In mammals, high n-3 PUFA content of membrane phospholipids (PL) is linked to
improved exercise performance due to increased membrane fluidity that
accelerates transmembrane lipid transport. We hypothesized that dietary n-3
PUFA could be used as a natural `performance-enhancing substance' by
semipalmated sandpipers to prepare their flight muscles for migration. Also,
PUFA stored as fuel in neutral lipids (NL) can be mobilized more quickly than
saturated fatty acids, but they contain less energy per unit mass. It is
therefore unclear whether dietary fatty acids are modified before storage.
Birds were collected at various stages of fat loading to examine changes in
the composition of tissue PL (membranes) and NL (fuel stores). Results show
that dietary n-3 PUFA are incorporated in tissue lipids in less than 2 weeks.

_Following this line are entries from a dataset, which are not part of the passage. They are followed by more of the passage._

lemma prox_tmm_lyapunov_decrease:
  fixes f G :: "'a::real_inner \<Rightarrow> real" and df :: "'a \<Rightarrow> 'a"
  assumes L: "0 < L" and r: "0 < r" "r < 1" and \<mu>: "\<mu> = r\<^sup>2 * L"
    and x1: "x1 = y0 - (1 / L) *\<^sub>R df y0 - r *\<^sub>R (zb0 - z0)"
    and y1: "y1 = (2 * r / (1 + r)) *\<^sub>R z0 + ((1 - r) / (1 + r)) *\<^sub>R x1"
    and zb1: "zb1 = (1 - r) *\<^sub>R z0 + r *\<^sub>R y1 - (1 / (r * L)) *\<^sub>R df y1"
    and f_y0_y1: "0 \<le> I_f \<mu> L f df y0 y1" and f_y1_xs: "0 \<le> I_f \<mu> L f df y1 xs"
    and f_xs_y1: "0 \<le> I_f \<mu> L f df xs y1"
    and g_z1_z0: "0 \<le> G z1 - G z0 - inner ((r * L) *\<^sub>R (zb0 - z0)) (z1 - z0)"
    and g_z1_xs: "0 \<le> G z1 - G xs - inner (- df xs) (z1 - xs)"
    and g_xs_z1: "0 \<le> G xs - G z1 - inner ((r * L) *\<^sub>R (zb1 - z1)) (xs - z1)"
  shows "\<mu> * (norm (z1 - xs))\<^sup>2 \<le> (1 - r)\<^sup>2 * ((1 - r\<^sup>2) * I_f \<mu> L f df y0 xs
      + r\<^sup>2 * (G xs - G z0 - inner ((r * L) *\<^sub>R (zb0 - z0)) (xs - z0))
      + r * (r - 1) * (G z0 - G xs - inner (- df xs) (z0 - xs))
      + 1 / (2 * L) * (norm ((r * L) *\<^sub>R (zb0 - z0) - - df xs))\<^sup>2 + \<mu> * (norm (z0 - xs))\<^sup>2)"
proof -
  \<comment> \<open>Normalised data, centred at xs: h and P are f and its gradient with the tangent at xs
     and \<mu>/2 |.|^2 removed, scaled by 1/L; Gn is g tilted by the subgradient - df xs; s0 and s1
     are the subgradient residuals (s_g^k - s_g^*) / L and (s_g^(k+1) - s_g^*) / L.\<close>
  define h where "h = (\<lambda>w. (f (xs + w) - f xs - inner (df xs) w - \<mu> / 2 * (norm w)\<^sup>2) / L)"
  define P where "P = (\<lambda>w. (1 / L) *\<^sub>R (df (xs + w) - df xs - \<mu> *\<^sub>R w))"
  define Gn where "Gn = (\<lambda>w. (G (xs + w) - G xs + inner (df xs) w) / L)"
  define s0 where "s0 = (1 / L) *\<^sub>R ((r * L) *\<^sub>R (zb0 - z0) + df xs)"
  define s1 where "s1 = (1 / L) *\<^sub>R ((r * L) *\<^sub>R (zb1 - z1) + df xs)"
  have r2: "0 < 1 - r\<^sup>2"
    using r by (simp add: power_less_one_iff)
  have \<mu>_L: "\<mu> / L = r\<^sup>2" "\<mu> \<noteq> L"
    using L r2 by (simp_all add: \<mu>)
  have I_f_eq: "I_f \<mu> L f df u v = L * I_f 0 (1 - r\<^sup>2) h P (u - xs) (v - xs)" for u v
    unfolding h_def P_def \<mu>_L(1)[symmetric] using L \<mu>_L(2) by (intro I_f_normalize) simp_all
  have G_eq: "G u - G v - inner S (u - v)
      = L * (Gn (u - xs) - Gn (v - xs) - inner ((1 / L) *\<^sub>R (S + df xs)) ((u - xs) - (v - xs)))" for u v S
    using L by (simp add: Gn_def inner_diff_right inner_add_left field_simps)
  have rec_y: "(1 + r) *\<^sub>R (y1 - xs)
      = (2 * r) *\<^sub>R (z0 - xs) + (1 - r) *\<^sub>R ((1 - r\<^sup>2) *\<^sub>R (y0 - xs) - P (y0 - xs) - s0)"
    using prox_tmm_normalized_recursion(1)[OF _ _ _ \<mu> x1 y1 zb1] L r
    by (simp add: P_def s0_def)
  have rec_z: "r *\<^sub>R (z1 - xs) = (r * (1 - r)) *\<^sub>R (z0 - xs) - P (y1 - xs) - s1"
    using prox_tmm_normalized_recursion(2)[OF _ _ _ \<mu> x1 y1 zb1] L r
    by (simp add: P_def s1_def)
  have nonneg_f: "0 \<le> I_f 0 (1 - r\<^sup>2) h P (u - xs) (v - xs)"
    if "0 \<le> I_f \<mu> L f df u v" for u v
    using that L unfolding I_f_eq by (simp add: zero_le_mult_iff)
  have "r\<^sup>2 * (norm (z1 - xs))\<^sup>2 \<le> (1 - r)\<^sup>2 * ((1 - r\<^sup>2) * I_f 0 (1 - r\<^sup>2) h P (y0 - xs) 0
      + r\<^sup>2 * (Gn 0 - Gn (z0 - xs) - inner s0 (0 - (z0 - xs))) + r * (r - 1) * (Gn (z0 - xs) - Gn 0)
      + (norm s0)\<^sup>2 / 2 + r\<^sup>2 * (norm (z0 - xs))\<^sup>2)"
    (is "?lhs \<le> ?rhs")
  proof (rule prox_tmm_normalized_decrease[OF r _ rec_y rec_z])
    show "P 0 = 0"
      by (simp add: P_def)
    show "0 \<le> I_f 0 (1 - r\<^sup>2) h P (y0 - xs) (y1 - xs)" "0 \<le> I_f 0 (1 - r\<^sup>2) h P (y1 - xs) 0"
      "0 \<le> I_f 0 (1 - r\<^sup>2) h P 0 (y1 - xs)"
      using nonneg_f[OF f_y0_y1] nonneg_f[OF f_y1_xs] nonneg_f[OF f_xs_y1] by simp_all
    show "0 \<le> Gn (z1 - xs) - Gn (z0 - xs) - inner s0 (z1 - xs - (z0 - xs))"
      using g_z1_z0 L unfolding G_eq s0_def by (simp add: zero_le_mult_iff)
    show "0 \<le> Gn (z1 - xs) - Gn 0"
      using g_z1_xs L unfolding G_eq by (simp add: zero_le_mult_iff)
    show "0 \<le> Gn 0 - Gn (z1 - xs) - inner s1 (0 - (z1 - xs))"
      using g_xs_z1 L unfolding G_eq s1_def by (simp add: zero_le_mult_iff)
  qed
  then have scaled: "L * ?lhs \<le> L * ?rhs"
    using L by simp
  have I_f_y0_xs: "(1 - r\<^sup>2) * I_f \<mu> L f df y0 xs = L * ((1 - r\<^sup>2) * I_f 0 (1 - r\<^sup>2) h P (y0 - xs) 0)"
    by (simp add: I_f_eq)
  have gap_xs_z0: "G xs - G z0 - inner ((r * L) *\<^sub>R (zb0 - z0)) (xs - z0)
      = L * (Gn 0 - Gn (z0 - xs) - inner s0 (0 - (z0 - xs)))"
    unfolding G_eq s0_def by simp
  have gap_z0_xs: "G z0 - G xs - inner (- df xs) (z0 - xs) = L * (Gn (z0 - xs) - Gn 0)"
    unfolding G_eq by simp
  have norm_s0: "1 / (2 * L) * (norm ((r * L) *\<^sub>R (zb0 - z0) - - df xs))\<^sup>2 = L * ((norm s0)\<^sup>2 / 2)"
    using L by (simp add: s0_def power_mult_distrib power2_eq_square)
  show ?thesis
    using scaled unfolding I_f_y0_xs gap_xs_z0 gap_z0_xs norm_s0 by (simp add: \<mu> algebra_simps)
qed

During the stopover, the double bond index of muscle PL increases by 25% and
the fatty acid profiles of both muscle PL and adipose NL converge with that of
the diet. However, >50% of dietary n-3 PUFA are converted to other fatty
acids before storage, mainly to oleate (18:1), possibly because
monounsaturates offer a compromise between high energy density and ease of
mobilization. This study shows that long-distance migrant birds can (1) use
natural diets rich in specific lipids to prime flight muscles for endurance
exercise, and (2) modify dietary fatty acids before storing them as fuel.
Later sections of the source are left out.